[Stored items]
___

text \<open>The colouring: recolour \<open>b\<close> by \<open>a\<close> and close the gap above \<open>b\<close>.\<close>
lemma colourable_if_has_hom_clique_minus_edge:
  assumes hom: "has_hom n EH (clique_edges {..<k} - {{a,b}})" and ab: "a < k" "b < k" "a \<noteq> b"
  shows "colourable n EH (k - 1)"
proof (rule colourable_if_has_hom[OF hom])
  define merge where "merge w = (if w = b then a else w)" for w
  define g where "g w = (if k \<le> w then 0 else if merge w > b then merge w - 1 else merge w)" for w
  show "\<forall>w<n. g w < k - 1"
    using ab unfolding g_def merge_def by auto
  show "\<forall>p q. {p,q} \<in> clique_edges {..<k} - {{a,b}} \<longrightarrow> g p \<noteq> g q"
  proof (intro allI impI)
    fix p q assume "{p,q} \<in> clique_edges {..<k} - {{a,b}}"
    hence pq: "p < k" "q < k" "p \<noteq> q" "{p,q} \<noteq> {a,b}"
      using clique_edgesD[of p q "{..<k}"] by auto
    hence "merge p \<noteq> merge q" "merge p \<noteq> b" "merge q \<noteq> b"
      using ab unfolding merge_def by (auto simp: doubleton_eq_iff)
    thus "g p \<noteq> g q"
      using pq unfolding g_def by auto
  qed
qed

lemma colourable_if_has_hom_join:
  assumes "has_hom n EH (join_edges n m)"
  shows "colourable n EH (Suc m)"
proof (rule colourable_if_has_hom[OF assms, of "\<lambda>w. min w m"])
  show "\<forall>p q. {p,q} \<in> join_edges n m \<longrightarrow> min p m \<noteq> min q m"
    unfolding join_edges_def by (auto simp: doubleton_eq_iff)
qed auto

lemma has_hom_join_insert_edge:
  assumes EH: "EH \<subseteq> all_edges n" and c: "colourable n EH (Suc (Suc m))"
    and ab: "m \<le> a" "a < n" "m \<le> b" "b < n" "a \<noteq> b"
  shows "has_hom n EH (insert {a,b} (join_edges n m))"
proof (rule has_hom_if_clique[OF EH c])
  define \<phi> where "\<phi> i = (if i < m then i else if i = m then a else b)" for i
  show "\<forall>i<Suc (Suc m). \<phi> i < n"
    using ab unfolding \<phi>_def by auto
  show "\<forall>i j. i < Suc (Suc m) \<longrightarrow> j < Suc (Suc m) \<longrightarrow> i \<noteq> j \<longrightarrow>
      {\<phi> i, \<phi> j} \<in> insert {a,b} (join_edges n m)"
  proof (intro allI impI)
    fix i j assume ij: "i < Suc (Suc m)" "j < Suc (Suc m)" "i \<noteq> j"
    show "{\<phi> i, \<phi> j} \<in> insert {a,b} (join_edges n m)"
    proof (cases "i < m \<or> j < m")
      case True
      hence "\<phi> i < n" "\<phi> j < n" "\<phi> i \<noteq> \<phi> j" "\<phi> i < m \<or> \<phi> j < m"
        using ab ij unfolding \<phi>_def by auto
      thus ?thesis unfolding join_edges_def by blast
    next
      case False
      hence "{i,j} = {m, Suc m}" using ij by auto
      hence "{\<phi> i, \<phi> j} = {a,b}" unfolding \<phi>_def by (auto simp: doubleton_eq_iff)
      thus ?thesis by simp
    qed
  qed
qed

___

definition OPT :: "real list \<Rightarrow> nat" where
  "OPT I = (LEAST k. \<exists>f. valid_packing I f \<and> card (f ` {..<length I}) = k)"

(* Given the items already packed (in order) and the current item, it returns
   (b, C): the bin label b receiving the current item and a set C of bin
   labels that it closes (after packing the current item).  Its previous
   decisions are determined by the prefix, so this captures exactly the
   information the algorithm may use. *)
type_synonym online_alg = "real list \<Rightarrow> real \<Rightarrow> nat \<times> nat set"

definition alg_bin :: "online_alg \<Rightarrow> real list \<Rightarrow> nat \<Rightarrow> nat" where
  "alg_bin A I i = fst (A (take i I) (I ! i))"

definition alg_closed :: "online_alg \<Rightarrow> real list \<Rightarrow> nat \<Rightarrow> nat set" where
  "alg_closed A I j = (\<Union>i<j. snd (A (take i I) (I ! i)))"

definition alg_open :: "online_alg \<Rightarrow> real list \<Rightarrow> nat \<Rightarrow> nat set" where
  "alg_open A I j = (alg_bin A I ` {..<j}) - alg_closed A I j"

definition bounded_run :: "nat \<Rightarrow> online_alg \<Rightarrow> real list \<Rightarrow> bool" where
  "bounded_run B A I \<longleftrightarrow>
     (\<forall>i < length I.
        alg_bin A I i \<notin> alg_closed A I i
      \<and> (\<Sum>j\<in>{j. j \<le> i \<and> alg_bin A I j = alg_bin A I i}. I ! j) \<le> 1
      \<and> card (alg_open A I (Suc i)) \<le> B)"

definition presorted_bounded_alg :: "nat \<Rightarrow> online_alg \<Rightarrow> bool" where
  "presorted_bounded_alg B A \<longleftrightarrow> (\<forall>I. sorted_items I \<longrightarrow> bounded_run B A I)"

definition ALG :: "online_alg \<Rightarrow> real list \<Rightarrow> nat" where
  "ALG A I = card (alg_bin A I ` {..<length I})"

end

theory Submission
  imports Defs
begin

___

- WORK INSTRUCTION
Each line of the records with the word "assumes" in it is to be copied.

- SOLUTION BELOW
  assumes hom: "has_hom n EH (clique_edges {..<k} - {{a,b}})" and ab: "a < k" "b < k" "a \<noteq> b"
  assumes "has_hom n EH (join_edges n m)"
  assumes EH: "EH \<subseteq> all_edges n" and c: "colourable n EH (Suc (Suc m))"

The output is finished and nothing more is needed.